Four quasi-one-dimensional (quasi-1D) compounds consist of bis (maleonitriledithiolato)palladate monoanions ([Pd(mnt)₂]^-) with benzylpyridinium derivatives (R-BzPy⁺, where R represents the substituent in the para-site of the phenyl ring; R=Cl, Br, I and NO₂ for 1~4, respectively), which show similar stacking structures to the [Ni(mnt)₂]^- analogues. The [Pd(mnt)₂]^- and R-BzPy⁺ ions form the segregated stacks, each stack is surrounded by four counterion stacks. In comparison of [Pd(mnt)₂]^- with [Ni(mnt)₂]^- analogues, the structural distinctions involving both anion and cation stacks are regular for [Ni(mnt)₂]^- series; while irregular for [Pd(mnt)₂]^- analogues at room temperature. The inter-plane distances are shorter in [Pd(mnt)₂]^- than those in [Ni(mnt)₂]^- stack.

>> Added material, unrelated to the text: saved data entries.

lemma length_eq_if_vsum_eq:
  assumes "set p \<subseteq> Vnd n d" "set q \<subseteq> Vnd n d" "vsum p = vsum q" "0 < d"
  shows "length p = length q"
  using node_index_eq[OF assms(1,2) _ _ _ assms(4), of "length p" "length q"] assms(3)
  by (simp add: node_length)

lemma lex_less_irrefl: "\<not> lex_less n x x"
  by (simp add: lex_less_def)

lemma seq_less_irrefl: "\<not> seq_less n xs xs"
  by (induction xs) (auto simp: lex_less_irrefl)

lemma seq_less_append_left: "seq_less n (P @ xs) (P @ ys) = seq_less n xs ys"
  by (induction P) (auto simp: lex_less_irrefl)

lemma seq_less_append_right:
  "length xs = length ys \<Longrightarrow> seq_less n (xs @ B) (ys @ B) = seq_less n xs ys"
proof (induction xs arbitrary: ys)
  case Nil
  then show ?case by (simp add: seq_less_irrefl)
next
  case (Cons x xs)
  then obtain y ys' where "ys = y # ys'" by (cases ys) auto
  with Cons show ?case by auto
qed

lemma facet_less_splice:
  assumes "length X = length Y"
  shows "facet_less n a (P @ X @ B) (P @ Y @ B) = facet_less n a X Y"
  using assms by (simp add: facet_less_def adeg_def seq_less_append_left seq_less_append_right
      flip: append_assoc)

definition smaller_rerouting ::
    "nat \<Rightarrow> nat \<Rightarrow> (nat \<Rightarrow> nat) \<Rightarrow> (nat \<Rightarrow> nat) list \<Rightarrow> (nat \<Rightarrow> nat) list \<Rightarrow> bool" where
  "smaller_rerouting n d a sp' sp \<longleftrightarrow>
     set sp' \<subseteq> Vnd n d \<and> length sp' = length sp \<and> vsum sp' = vsum sp \<and> facet_less n a sp' sp \<and>
     (\<exists>r. 0 < r \<and> r < length sp \<and> node sp' r = node sp r)"

lemma split_around_member:
  assumes "x \<in> set xs" "2 \<le> length xs"
  obtains pre u v post where "xs = pre @ [u, v] @ post" "x = u \<or> x = v"
proof -
  obtain ys zs where xs: "xs = ys @ x # zs" using split_list assms(1) by metis
  show thesis
  proof (cases zs)
    case (Cons z zs')
    then show ?thesis using that[of ys x z zs'] xs by simp
  next
    case Nil
    then have "ys \<noteq> []" using assms(2) xs by auto
    then have "ys = butlast ys @ [last ys]" by simp
    then show ?thesis
      using that[of "butlast ys" "last ys" x "[]"] xs Nil by (metis append.assoc append_Cons append_Nil)
  qed
qed

definition lead :: "(nat \<Rightarrow> nat) \<Rightarrow> nat" where
  "lead x = (LEAST k. 0 < x k)"

lemma lead_props:
  assumes "x \<in> Vnd n d" "0 < d"
  shows "0 < x (lead x)" "lead x < n" "k < lead x \<Longrightarrow> x k = 0"
proof -
  have "\<exists>k. 0 < x k"
  proof (rule ccontr)
    assume "\<nexists>k. 0 < x k"
    then show False using Vnd_sum[OF assms(1)] assms(2) by simp
  qed
  then show pos: "0 < x (lead x)" unfolding lead_def by (rule LeastI_ex)
  then show "lead x < n" by (rule Vnd_support[OF assms(1)])
  show "k < lead x \<Longrightarrow> x k = 0" unfolding lead_def using not_less_Least by blast
qed

lemma lead_le_if_not_lex_less:
  assumes "a1 \<in> Vnd n d" "0 < d" "\<not> lex_less n a2 a1"
  shows "lead a2 \<le> lead a1"
proof (rule ccontr)
  assume "\<not> lead a2 \<le> lead a1"
  then have "a2 k = 0" if "k \<le> lead a1" for k
    using that not_less_Least[of k "\<lambda>k. 0 < a2 k"] unfolding lead_def by simp
  then have "lex_less n a2 a1"
    using lead_props[OF assms(1,2)] unfolding lex_less_def by (intro exI[of _ "lead a1"]) auto
  with assms(3) show False ..
qed

lemma lead_less_if_lex_less_exceeds:
  assumes "lex_less n b a" "a t < b t"
  shows "lead a < t"
proof -
  obtain i where i: "\<forall>j<i. b j = a j" "b i < a i"
    using assms(1) unfolding lex_less_def by blast
  have "i < t" using i assms(2) by (metis less_asym nat_neq_iff)
  moreover have "lead a \<le> i" unfolding lead_def using i(2) by (intro Least_le) simp
  ultimately show ?thesis by simp
qed

definition move_unit :: "(nat \<Rightarrow> nat) \<Rightarrow> nat \<Rightarrow> nat \<Rightarrow> nat \<Rightarrow> nat" where
  "move_unit x s t = (\<lambda>k. x k - (if k = s then 1 else 0) + (if k = t then 1 else 0))"

lemma move_unit_in_Vnd:
  assumes "x \<in> Vnd n d" "0 < x s" "t < n"
  shows "move_unit x s t \<in> Vnd n d"
proof (rule VndI)
  have s: "s < n" using Vnd_support assms(1,2) .
  show "move_unit x s t k = 0" if "n \<le> k" for k
    using Vnd_vanishes[OF assms(1) that] that s assms(3) by (simp add: move_unit_def)
  have "move_unit x s t k + (if k = s then 1 else 0) = x k + (if k = t then 1 else 0)" for k
    using assms(2) by (simp add: move_unit_def)
  then have "(\<Sum>k<n. move_unit x s t k + (if k = s then 1 else 0))
      = (\<Sum>k<n. x k + (if k = t then 1 else 0))"
    by presburger
  then show "(\<Sum>k<n. move_unit x s t k) = d"
    using Vnd_sum[OF assms(1)] s assms(3) by (simp add: sum.distrib)
qed

lemma lex_less_move_unit:
  assumes "s < t" "0 < x s" "s < n"
  shows "lex_less n (move_unit x s t) x"
  unfolding lex_less_def move_unit_def using assms by (intro exI[of _ s]) auto

definition only_lex_smaller ::
    "nat \<Rightarrow> nat \<Rightarrow> (nat \<Rightarrow> nat) \<Rightarrow> (nat \<Rightarrow> nat) \<Rightarrow> (nat \<Rightarrow> nat) \<Rightarrow> bool" where
  "only_lex_smaller n d A a D \<longleftrightarrow> (\<forall>x\<in>Vnd n d. (\<forall>k. x k \<le> a k + D k) \<and> lex_less n x a \<longrightarrow> x = A)"
(* Let $\langle P[(\bot_k\otimes R[x_i])⅋(x_j^\perp\otimes Q)]\mid x_i\odot x_j^\perp,\Gamma\rangle$ be a proof graph, where $x$ is an arbitrary atom or a unit, and $x^\perp$ its dual. Then $\langle P[\bot_k\otimes(R[x_i]⅋(x_j^\perp\otimes Q))]\mid x_i\odot x_j^\perp,\Gamma\rangle$ is equivalent to it.
   Context: Write ⅋ for par and $\odot$ for the cut connective. A proof graph $\langle P\mid\Gamma\rangle$ is an MLL linking tree $P$ (generated by $\mathsf1\mid a\otimes a^\perp\mid a^\perp\otimes a\mid\bot\otimes L\mid L\otimes\bot\mid L⅋L$) with a sequent $\Gamma$ (cuts $A\odot A^\perp$ allowed as roots) sharing the same leaves, such that every switching (deleting one child edge per ⅋-node; $\odot$ acts like $\otimes$) is connected and acyclic. Equivalence $\sim$ is generated by commutativity/associativity of ⅋ in the linking, commutativity of $\otimes$, $\bot_i\otimes(Q\otimes\bot_j)\sim(\bot_i\otimes Q)\otimes\bot_j$, and $Q⅋(R\otimes\bot_i)\sim(Q⅋R)\otimes\bot_i$ under the side condition that in every extended switching with respect to $\bot_i$ (switching with the edge from $\bot_i$ to its parent also removed) no node of $Q$ is connected to $\bot_i$. $P[\;],R[\;]$ are linking contexts, $Q$ a linking; indices distinguish leaf occurrences. *)

theory Defs
  imports "HOL-Library.Multiset"
begin

datatype lit = Atom nat | NAtom nat | One | Bot

fun dlit :: "lit \<Rightarrow> lit" where
  "dlit (Atom a) = NAtom a"
| "dlit (NAtom a) = Atom a"
| "dlit One = Bot"
| "dlit Bot = One"

text \<open>A leaf occurrence is a literal together with an index distinguishing occurrences.\<close>
type_synonym leaf = "lit \<times> nat"

text \<open>Trees used both for linkings (Tens, Par) and for sequent formulas (Tens, Par, and Cut at roots).\<close>
datatype 'l tree = Leaf 'l | Tens "'l tree" "'l tree" | Par "'l tree" "'l tree" | Cut "'l tree" "'l tree"

fun leaves :: "'l tree \<Rightarrow> 'l list" where
  "leaves (Leaf l) = [l]"
| "leaves (Tens a b) = leaves a @ leaves b"
| "leaves (Par a b) = leaves a @ leaves b"
| "leaves (Cut a b) = leaves a @ leaves b"

inductive linking :: "leaf tree \<Rightarrow> bool" where
  l_one:  "linking (Leaf (One, i))"
| l_ax1:  "linking (Tens (Leaf (Atom a, i)) (Leaf (NAtom a, j)))"
| l_ax2:  "linking (Tens (Leaf (NAtom a, i)) (Leaf (Atom a, j)))"
| l_botl: "linking L \<Longrightarrow> linking (Tens (Leaf (Bot, i)) L)"
| l_botr: "linking L \<Longrightarrow> linking (Tens L (Leaf (Bot, i)))"
| l_par:  "linking L1 \<Longrightarrow> linking L2 \<Longrightarrow> linking (Par L1 L2)"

There exist strongly antiferromagnetic (AFM) interactions in [Pd(mnt)₂]^- stack, which magnetic exchange constants are evaluated via broken-symmetry approach in DFT framework, and the calculated results at svwn/lanl2dz and bpw91/lanl2dz levels are parallel to the experimental results, disclosing that the strongly AFM interactions is due to larger overlap of π-type frontier molecular orbitals.